<h1 align="center">
Astro Databricks
</h1>
<h3 align="center">
Orchestrate your Databricks notebooks in Airflow and execute them as Databricks Workflows<br><br>
</h3>
[](https://pypi.org/pypi/astro-provider-databricks)
[](https://pypi.org/pypi/astro-provider-databricks)
[](https://pypi.org/pypi/astro-provider-databricks)
[](https://pypistats.org/packages/astro-provider-databricks)
[](https://github.com/astronomer/astro-provider-databricks)
[](https://github.com/astronomer/astro-provider-databricks)
[](https://github.com/astronomer/astro-provider-databricks)
[](https://codecov.io/gh/astronomer/astro-provider-databricks)
The **Astro Databricks Provider** is an [Apache Airflow](https://github.com/apache/airflow) provider created by [Astronomer](https://www.astronomer.io/) to run your Databricks notebooks as Databricks Workflows while maintaining Airflow as the authoring interface. When using the `DatabricksTaskGroup` and `DatabricksNotebookOperator`, notebooks run as a Databricks Workflow which can result in a [75% cost reduction](https://www.databricks.com/product/aws-pricing) ($0.40/DBU for all-purpose compute, $0.10/DBU for Jobs compute).
## Prerequisites
- Apache Airflow >= 2.2.4
- Python >= 3.7
- Databricks account
- Previously created Databricks Notebooks
## Install
```shell
pip install astro-provider-databricks
```
## Quickstart (with Astro CLI)
1. Use pre-existing or create two simple [Databricks Notebooks](https://docs.databricks.com/notebooks/). Their identifiers will be used in step (6). The original example DAG uses:
- `Shared/Notebook_1`
- `Shared/Notebook_2`
2. Generate a [Databricks Personal Token](https://docs.databricks.com/dev-tools/auth.html#databricks-personal-access-tokens). This will be used in step (5).

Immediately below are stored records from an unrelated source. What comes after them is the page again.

lemma independent_unitriangular:
  fixes f :: "'b::order \<Rightarrow> 'b \<Rightarrow> 'k::comm_ring_1"
  assumes diag: "\<And>x. x \<in> C \<Longrightarrow> f x x = 1"
    and tri: "\<And>x y. x \<in> C \<Longrightarrow> f x y \<noteq> 0 \<Longrightarrow> y \<le> x"
  shows "\<not> module.dependent fscale (f ` C)"
proof -
  interpret module "fscale :: 'k \<Rightarrow> ('b \<Rightarrow> 'k) \<Rightarrow> _" by (rule module_fscale)
  have "u v = 0" if t: "finite t" "t \<subseteq> f ` C" and sum_t: "(\<Sum>v\<in>t. fscale (u v) v) = 0"
    and "v \<in> t" for t u v
  \<comment> \<open>evaluating the combination at a maximal index with nonzero coefficient isolates that coefficient\<close>
  proof (rule ccontr)
    assume "u v \<noteq> 0"
    define W where "W = {x \<in> C. f x \<in> t \<and> u (f x) \<noteq> 0}"
    have "inj_on f W"
      using inj_on_unitriangular[of C f, OF diag tri] by (rule inj_on_subset) (auto simp: W_def)
    moreover have "f ` W \<subseteq> t" by (auto simp: W_def)
    ultimately have "finite W" using t(1) finite_subset finite_imageD by metis
    moreover have "W \<noteq> {}" using \<open>v \<in> t\<close> \<open>u v \<noteq> 0\<close> t(2) by (auto simp: W_def)
    ultimately obtain x where x: "x \<in> W" "\<forall>y\<in>W. x \<le> y \<longrightarrow> x = y"
      using finite_has_maximal by blast
    have others: "u w * w x = 0" if w: "w \<in> t - {f x}" for w
    proof (rule ccontr)
      assume "u w * w x \<noteq> 0"
      then have "u w \<noteq> 0" "w x \<noteq> 0" by auto
      obtain y where "y \<in> C" "w = f y" using w t(2) by blast
      then have "y \<in> W" "x \<le> y" using w \<open>u w \<noteq> 0\<close> \<open>w x \<noteq> 0\<close> tri by (auto simp: W_def)
      then show False using x(2) \<open>w = f y\<close> w by blast
    qed
    have "0 = (\<Sum>w\<in>t. u w * w x)"
      using fun_cong[OF sum_t, of x] by (simp add: fscale_def sum_fun_apply)
    also have "\<dots> = u (f x) * f x x + (\<Sum>w\<in>t - {f x}. u w * w x)"
      using x(1) t(1) by (intro sum.remove) (auto simp: W_def)
    also have "\<dots> = u (f x)"
      using others diag x(1) by (simp add: W_def)
    finally show False using x(1) by (simp add: W_def)
  qed
  then show ?thesis unfolding independent_explicit_module by blast
qed

lemma insert_SC_if_mobius_SC_nonzero:
  assumes "mobius_SC \<Phi> \<Gamma> \<noteq> (0::'k::ring_1)" "\<Phi> \<in> SC I" "\<Gamma> \<in> SC I" "X \<in> \<Gamma>"
  shows "insert X \<Phi> \<in> SC I"
proof (cases "X \<in> \<Phi>")
  case False
  then have "\<forall>Z. Z \<subset> X \<longrightarrow> Z \<in> \<Phi>"
    using assms(1,4) by (auto simp: mobius_SC_def split: if_splits)
  then have "\<Phi> \<union> {X} \<in> SC I"
    using assms(3,4) by (intro union_SC[OF assms(2)]) (auto simp: SC_def)
  then show ?thesis by simp
qed (simp add: insert_absorb assms(2))

lemma mobius_SC_insert_facet:
  assumes "finite \<Gamma>" "facet X \<Gamma>" "X \<notin> \<Phi>" "insert X \<Phi> \<in> SC I"
  shows "mobius_SC (insert X \<Phi>) \<Gamma> = - (mobius_SC \<Phi> \<Gamma> :: 'k::ring_1)"
proof (cases "\<Phi> \<subseteq> \<Gamma>")
  case True
  have "X \<in> \<Gamma>" using assms(2) by (simp add: facet_def)
  have card: "card (\<Gamma> - \<Phi>) = Suc (card (\<Gamma> - insert X \<Phi>))"
    using assms(1,3) \<open>X \<in> \<Gamma>\<close> by (metis Diff_insert card_Suc_Diff1 finite_Diff Diff_iff)
  have boundary_iff: "(\<forall>Y\<in>\<Gamma> - \<Phi>. \<forall>Z. Z \<subset> Y \<longrightarrow> Z \<in> \<Phi>) \<longleftrightarrow>
        (\<forall>Y\<in>\<Gamma> - insert X \<Phi>. \<forall>Z. Z \<subset> Y \<longrightarrow> Z \<in> insert X \<Phi>)"
  proof
    assume "\<forall>Y\<in>\<Gamma> - insert X \<Phi>. \<forall>Z. Z \<subset> Y \<longrightarrow> Z \<in> insert X \<Phi>"
    moreover have "Z \<in> \<Phi>" if "Z \<subset> X" for Z
      using that assms(3) SC_downward_closed[OF assms(4), of X Z] by auto
    moreover have "Z \<noteq> X" if "Y \<in> \<Gamma>" "Z \<subset> Y" for Y Z
      using that assms(2) by (auto simp: facet_def)
    ultimately show "\<forall>Y\<in>\<Gamma> - \<Phi>. \<forall>Z. Z \<subset> Y \<longrightarrow> Z \<in> \<Phi>"
      by (metis Diff_iff insert_iff)
  qed auto
  have "insert X \<Phi> \<subseteq> \<Gamma>" using True \<open>X \<in> \<Gamma>\<close> by blast
  then show ?thesis
    unfolding mobius_SC_def using True card by (simp only: boundary_iff) auto
next
  case False
  then show ?thesis by (simp add: mobius_SC_def)
qed

lemma omega_insert_facet:
  assumes "finite I" "\<Gamma> \<in> SC I" "facet X \<Gamma>" "X \<notin> \<Phi>"
  shows "(omega I \<Gamma> :: _ \<Rightarrow> 'k::ring_1) (insert X \<Phi>) = - omega I \<Gamma> \<Phi>"
proof (cases "insert X \<Phi> \<in> SC I")
  case True
  have "\<Phi> \<in> SC I" if "(omega I \<Gamma> :: _ \<Rightarrow> 'k) (insert X \<Phi>) \<noteq> 0"
  proof -
    have "insert X \<Phi> \<subseteq> \<Gamma>" using that omega_nonzero_imp_subset by blast
    then have "facet X (insert X \<Phi>)" using assms(3) by (auto simp: facet_def)
    from SC_remove_facet[OF True this] show ?thesis using assms(4) by simp
  qed
  then show ?thesis
    using True mobius_SC_insert_facet[OF finite_complex[OF assms(1,2)] assms(3,4) True, where 'k='k]
    by (cases "\<Phi> \<in> SC I") (auto simp: omega_eq[OF assms(1,2)])
next
  case False
  then show ?thesis
    using insert_SC_if_mobius_SC_nonzero[OF _ _ assms(2), of \<Phi> X, where 'k='k] assms(3)
    by (auto simp: omega_eq[OF assms(1,2)] facet_def)
qed

lemma sum_eq_0_if_insert_negates:
  fixes f :: "'b set \<Rightarrow> 'k::ab_group_add"
  assumes "finite P"
    and closed: "\<And>\<Phi>. x \<notin> \<Phi> \<Longrightarrow> insert x \<Phi> \<in> P \<longleftrightarrow> \<Phi> \<in> P"
    and negates: "\<And>\<Phi>. x \<notin> \<Phi> \<Longrightarrow> f (insert x \<Phi>) = - f \<Phi>"
  shows "sum f P = 0"
proof -
  define P0 where "P0 = {\<Phi>\<in>P. x \<notin> \<Phi>}"
  have "{\<Phi>\<in>P. x \<in> \<Phi>} = insert x ` P0"
  proof (intro equalityI subsetI)
    fix \<Phi> assume "\<Phi> \<in> {\<Phi>\<in>P. x \<in> \<Phi>}"
    then have "\<Phi> = insert x (\<Phi> - {x})" "\<Phi> - {x} \<in> P0"
      using closed[of "\<Phi> - {x}"] by (auto simp: P0_def insert_absorb)
    then show "\<Phi> \<in> insert x ` P0" by blast
  qed (use closed in \<open>auto simp: P0_def\<close>)
  moreover have "inj_on (insert x) P0"
    by (intro inj_onI) (metis P0_def mem_Collect_eq Diff_insert_absorb)
  ultimately have "sum f {\<Phi>\<in>P. x \<in> \<Phi>} = - sum f P0"
    using negates by (simp add: sum.reindex P0_def sum_negf)
  moreover have "sum f P = sum f (P \<inter> {\<Phi>. x \<notin> \<Phi>}) + sum f (P - {\<Phi>. x \<notin> \<Phi>})"
    by (rule sum.Int_Diff[OF assms(1)])
  moreover have "P \<inter> {\<Phi>. x \<notin> \<Phi>} = P0" "P - {\<Phi>. x \<notin> \<Phi>} = {\<Phi>\<in>P. x \<in> \<Phi>}"
    by (auto simp: P0_def)
  ultimately show ?thesis by simp
qed

lemma connected_SC_crossing_facet:
  assumes "finite I" "connected_SC I \<Gamma>" "S \<union> T = I" "S \<inter> T = {}" "S \<noteq> {}" "T \<noteq> {}"
  obtains X where "facet X \<Gamma>" "\<not> X \<subseteq> S" "\<not> X \<subseteq> T"
proof -
  have \<Gamma>: "\<Gamma> \<in> SC I" using assms(2) by (simp add: connected_SC_def)
  obtain X0 where X0: "X0 \<in> \<Gamma>" "\<not> X0 \<subseteq> S" "\<not> X0 \<subseteq> T"
  proof (rule ccontr)
    assume "\<not> thesis"
    with that have "\<Gamma> = restr \<Gamma> S \<union> restr \<Gamma> T" by (auto simp: restr_def)
    moreover have "restr \<Gamma> S \<in> SC S" "restr \<Gamma> T \<in> SC T" using \<Gamma> by (auto simp: SC_def restr_def)
    ultimately show False using assms(2-6) unfolding connected_SC_def by blast
  qed
  obtain X where X: "X \<in> \<Gamma>" "X0 \<subseteq> X" "\<forall>Y\<in>\<Gamma>. X \<subseteq> Y \<longrightarrow> X = Y"
    using finite_has_maximal2[OF finite_complex[OF assms(1) \<Gamma>] X0(1)] by blast
  then have "facet X \<Gamma>" by (auto simp: facet_def)
  moreover have "\<not> X \<subseteq> S" "\<not> X \<subseteq> T" using X(2) X0(2,3) by blast+
  ultimately show ?thesis by (rule that)
qed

3. Create a new Astro CLI project (if you don't have one already):
```shell
mdkir my_project && cd my_project
astro dev init
```
4. Add the following to your `requirements.txt` file:
```shell
astro-provider-databricks
```
5. [Create a Databricks connection in Airflow](https://airflow.apache.org/docs/apache-airflow/stable/howto/connection.html). You can do this via the Airflow UI or the `airflow_settings.yaml` file by specifying the following fields:
```yaml
connections:
- conn_id: databricks_conn
conn_type: databricks
conn_login: <your email, e.g. julian@astronomer.io>
conn_password: <your personal access token, e.g. dapi1234567890abcdef>
conn_host: <your databricks host, e.g. https://dbc-9c390870-65ef.cloud.databricks.com>
```
6. Copy the following workflow into a file named `example_databricks.py` in your `dags` directory:
https://github.com/astronomer/astro-provider-databricks/blob/45897543a5e34d446c84b3fbc4f6f7a3ed16cdf7/example_dags/example_databricks_workflow.py#L48-L101
7. Run the following command to start your Airflow environment:
```shell
astro dev start
```
8. Open the Airflow UI at http://localhost:8080 and trigger the DAG. You can click on a task, and under the Details tab select "See Databricks Job Run" to open the job in the Databricks UI.
## Quickstart (without Astro CLI)
1. Use pre-existing or create two simple [Databricks Notebooks](https://docs.databricks.com/notebooks/). Their identifiers will be used in step (5). The original example DAG uses:
- `Shared/Notebook_1`
- `Shared/Notebook_2`
2. Generate a [Databricks Personal Token](https://docs.databricks.com/dev-tools/auth.html#databricks-personal-access-tokens). This will be used in step (6).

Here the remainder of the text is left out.